> [Your assignment]:
Look through the records below, and copy out every line that holds the string "within".

── Input for this task

lemma equations_of_motion_imp_nonholonomic_rigid_body:
  fixes \<Lambda> :: "real \<Rightarrow> real^3^3" and w \<pi> \<pi>_perp d3 :: "real \<Rightarrow> real^3" and \<pi>_par :: "real \<Rightarrow> real"
  assumes T: "0 < T" and smooth: "smooth_on_interval T \<Lambda>"
    and orthogonal: "\<And>t. t \<in> {0..T} \<Longrightarrow> orthogonal_matrix (\<Lambda> t)"
    and angular_velocity:
      "\<And>t. t \<in> {0..T} \<Longrightarrow> (\<Lambda> has_vector_derivative hat (w t) ** \<Lambda> t) (at t within {0..T})"
    and inertia_symmetric: "transpose J = J" and inertia_axis: "\<exists>c. J *v D3 = c *\<^sub>R D3"
    and axis_nonzero: "D3 \<noteq> 0"
    and momentum_def: "\<And>t. \<pi> t = \<Lambda> t ** J ** transpose (\<Lambda> t) *v w t"
    and d3_def: "\<And>t. d3 t = \<Lambda> t *v D3"
    and \<pi>_perp_def: "\<And>t. \<pi>_perp t = perp_proj (d3 t) (\<pi> t)"
    and \<pi>_par_def: "\<And>t. \<pi>_par t = \<pi> t \<bullet> d3 t"
    and covariant_balance:
      "\<And>t. t \<in> {0..T} \<Longrightarrow> perp_proj (d3 t) (dt T \<pi>_perp t) + \<pi>_par t *\<^sub>R dt T d3 t = 0"
    and non_twisting: "\<And>t. t \<in> {0..T} \<Longrightarrow> w t \<bullet> d3 t = 0"
  obtains w' where "nonholonomic_rigid_body {0..T} \<Lambda> J D3 w w' \<pi>"
proof -
  obtain w' where w': "\<And>t. t \<in> {0..T} \<Longrightarrow> (w has_vector_derivative w' t) (at t within {0..T})"
    using angular_velocity_differentiable[OF smooth T orthogonal angular_velocity] by metis
  obtain c where c: "J *v D3 = c *\<^sub>R D3"
    using inertia_axis by blast
  have \<pi>_axis: "\<pi> t \<bullet> d3 t = 0" if "t \<in> {0..T}" for t
    using spatial_momentum_orthogonal_axis[OF orthogonal[OF that] inertia_symmetric c]
      non_twisting[OF that]
    by (simp add: momentum_def d3_def)
  have balance: "perp_proj (\<Lambda> t *v D3) (\<Lambda> t ** J ** transpose (\<Lambda> t) *v w' t + cross3 (w t) (\<pi> t)) = 0"
    if "t \<in> {0..T}" for t
  proof -
    have "(\<pi> has_vector_derivative
        \<Lambda> t ** J ** transpose (\<Lambda> t) *v w' t + cross3 (w t) (\<pi> t)) (at t within {0..T})"
      using spatial_momentum_has_derivative[OF angular_velocity[OF that] w'[OF that]]
      by (simp add: momentum_def[abs_def])
    then have "(\<pi>_perp has_vector_derivative
        \<Lambda> t ** J ** transpose (\<Lambda> t) *v w' t + cross3 (w t) (\<pi> t)) (at t within {0..T})"
      by (rule has_vector_derivative_transform[OF that, rotated])
        (simp add: \<pi>_perp_def perp_proj_def \<pi>_axis)
    then have "dt T \<pi>_perp t = \<Lambda> t ** J ** transpose (\<Lambda> t) *v w' t + cross3 (w t) (\<pi> t)"
      by (rule dt_eqI[OF T that])
    then show ?thesis
      using covariant_balance[OF that] \<pi>_axis[OF that] by (simp add: \<pi>_par_def d3_def)
  qed
  show thesis
  proof (rule that, unfold_locales)
    show "convex {0..T}" by (rule convex_real_interval)
    show "w t \<bullet> (\<Lambda> t *v D3) = 0" if "t \<in> {0..T}" for t
      using non_twisting[OF that] by (simp add: d3_def)
  qed (fact orthogonal angular_velocity w' inertia_symmetric inertia_axis axis_nonzero momentum_def balance)+
qed

theorem theorem6:
  fixes D1 D2 D3 :: "real^3" and J :: "real^3^3" and T :: real
    and \<Lambda> :: "real \<Rightarrow> real^3^3" and w :: "real \<Rightarrow> real^3" and \<mu> :: "real \<Rightarrow> real"
    and d1 d2 d3 :: "real \<Rightarrow> real^3" and j :: "real \<Rightarrow> real^3^3"
    and W \<pi> Pic \<pi>_perp :: "real \<Rightarrow> real^3" and \<pi>_par K Pi1 Pi2 :: "real \<Rightarrow> real"
  assumes orthonormal: "norm D1 = 1" "norm D2 = 1" "norm D3 = 1"
      "D1 \<bullet> D2 = 0" "D1 \<bullet> D3 = 0" "D2 \<bullet> D3 = 0"
    and pos_oriented: "det (vector [D1, D2, D3] :: real^3^3) > 0"
    and J_sym: "transpose J = J"
    and J_posdef: "\<forall>x. x \<noteq> 0 \<longrightarrow> x \<bullet> (J *v x) > 0"
    and J_eig: "\<exists>c. J *v D3 = c *\<^sub>R D3"
    and \<Lambda>_SO3: "\<forall>t\<in>{0..T}. \<Lambda> t \<in> SO3"
    and \<Lambda>_smooth: "smooth_on_interval T \<Lambda>"
    and w_def: "\<forall>t\<in>{0..T}. (\<Lambda> has_vector_derivative (hat (w t) ** \<Lambda> t)) (at t within {0..T})"
    and d1_def: "\<And>t. d1 t = \<Lambda> t *v D1"
    and d2_def: "\<And>t. d2 t = \<Lambda> t *v D2"
    and d3_def: "\<And>t. d3 t = \<Lambda> t *v D3"
    and W_def: "\<And>t. W t = transpose (\<Lambda> t) *v w t"
    and j_def: "\<And>t. j t = \<Lambda> t ** J ** transpose (\<Lambda> t)"
    and \<pi>_def: "\<And>t. \<pi> t = j t *v w t"
    and Pic_def: "\<And>t. Pic t = transpose (\<Lambda> t) *v \<pi> t"
    and \<pi>_par_def: "\<And>t. \<pi>_par t = \<pi> t \<bullet> d3 t"
    and \<pi>_perp_def: "\<And>t. \<pi>_perp t = perp_proj (d3 t) (\<pi> t)"
    and K_def: "\<And>t. K t = (1/2) * (W t \<bullet> (J *v W t))"
    and Pi1_def: "\<And>t. Pi1 t = D1 \<bullet> Pic t"
    and Pi2_def: "\<And>t. Pi2 t = D2 \<bullet> Pic t"
    and eq1: "\<forall>t\<in>{0..T}. perp_proj (d3 t) (dt T \<pi>_perp t) + \<pi>_par t *\<^sub>R dt T d3 t = 0"
    and eq2: "\<forall>t\<in>{0..T}. dt T \<pi>_par t + \<pi>_perp t \<bullet> dt T d3 t + \<mu> t = 0"
    and eq3: "\<forall>t\<in>{0..T}. w t \<bullet> d3 t = 0"
  shows "\<forall>s\<in>{0..T}. \<forall>t\<in>{0..T}.
           K s = K t \<and> (1/2) * (w s \<bullet> (j s *v w s)) = (1/2) * (w t \<bullet> (j t *v w t))
           \<and> Pi1 s = Pi1 t \<and> d1 s \<bullet> \<pi> s = d1 t \<bullet> \<pi> t
           \<and> Pi2 s = Pi2 t \<and> d2 s \<bullet> \<pi> s = d2 t \<bullet> \<pi> t"
proof (intro ballI)
  fix s t assume s: "s \<in> {0..T}" and t: "t \<in> {0..T}"
  have K_eq: "K x = (1/2) * (w x \<bullet> \<pi> x)" for x
    by (simp only: K_def W_def \<pi>_def j_def matrix_vector_mul_assoc[symmetric] inner_matrix_vector_mult)
  have Pi_eq: "Pi1 x = d1 x \<bullet> \<pi> x" "Pi2 x = d2 x \<bullet> \<pi> x" for x
    by (simp_all only: Pi1_def Pi2_def Pic_def d1_def d2_def inner_matrix_vector_mult transpose_transpose)
  have "w s \<bullet> \<pi> s = w t \<bullet> \<pi> t \<and> d1 s \<bullet> \<pi> s = d1 t \<bullet> \<pi> t \<and> d2 s \<bullet> \<pi> s = d2 t \<bullet> \<pi> t"
  proof (cases "T = 0")
    case True
    with s t show ?thesis by simp
  next
    case False
    with s have "0 < T" by simp
    moreover have "orthogonal_matrix (\<Lambda> x)" if "x \<in> {0..T}" for x
      using \<Lambda>_SO3 that by (simp add: SO3_def)
    moreover have "D3 \<noteq> 0" "\<pi> x = \<Lambda> x ** J ** transpose (\<Lambda> x) *v w x" for x
      using orthonormal(3) by (auto simp: \<pi>_def j_def)
    ultimately obtain w' where "nonholonomic_rigid_body {0..T} \<Lambda> J D3 w w' \<pi>"
      using equations_of_motion_imp_nonholonomic_rigid_body[OF _ \<Lambda>_smooth _ w_def[rule_format] J_sym J_eig
          _ _ d3_def \<pi>_perp_def \<pi>_par_def eq1[rule_format] eq3[rule_format]]
      by blast
    then interpret nonholonomic_rigid_body "{0..T}" \<Lambda> J D3 w w' \<pi> .
    show ?thesis
      using kinetic_energy_conserved[OF s t] frame_momentum_conserved[OF orthonormal(5) s t]
        frame_momentum_conserved[OF orthonormal(6) s t]
      by (simp add: d1_def d2_def)
  qed
  then show "K s = K t \<and> (1/2) * (w s \<bullet> (j s *v w s)) = (1/2) * (w t \<bullet> (j t *v w t))
           \<and> Pi1 s = Pi1 t \<and> d1 s \<bullet> \<pi> s = d1 t \<bullet> \<pi> t
           \<and> Pi2 s = Pi2 t \<and> d2 s \<bullet> \<pi> s = d2 t \<bullet> \<pi> t"
    by (simp add: K_eq Pi_eq \<pi>_def[symmetric])
qed

end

────

> [Exercise solution]:
      "\<And>t. t \<in> {0..T} \<Longrightarrow> (\<Lambda> has_vector_derivative hat (w t) ** \<Lambda> t) (at t within {0..T})"
  obtain w' where w': "\<And>t. t \<in> {0..T} \<Longrightarrow> (w has_vector_derivative w' t) (at t within {0..T})"
        \<Lambda> t ** J ** transpose (\<Lambda> t) *v w' t + cross3 (w t) (\<pi> t)) (at t within {0..T})"
        \<Lambda> t ** J ** transpose (\<Lambda> t) *v w' t + cross3 (w t) (\<pi> t)) (at t within {0..T})"
    and w_def: "\<forall>t\<in>{0..T}. (\<Lambda> has_vector_derivative (hat (w t) ** \<Lambda> t)) (at t within {0..T})"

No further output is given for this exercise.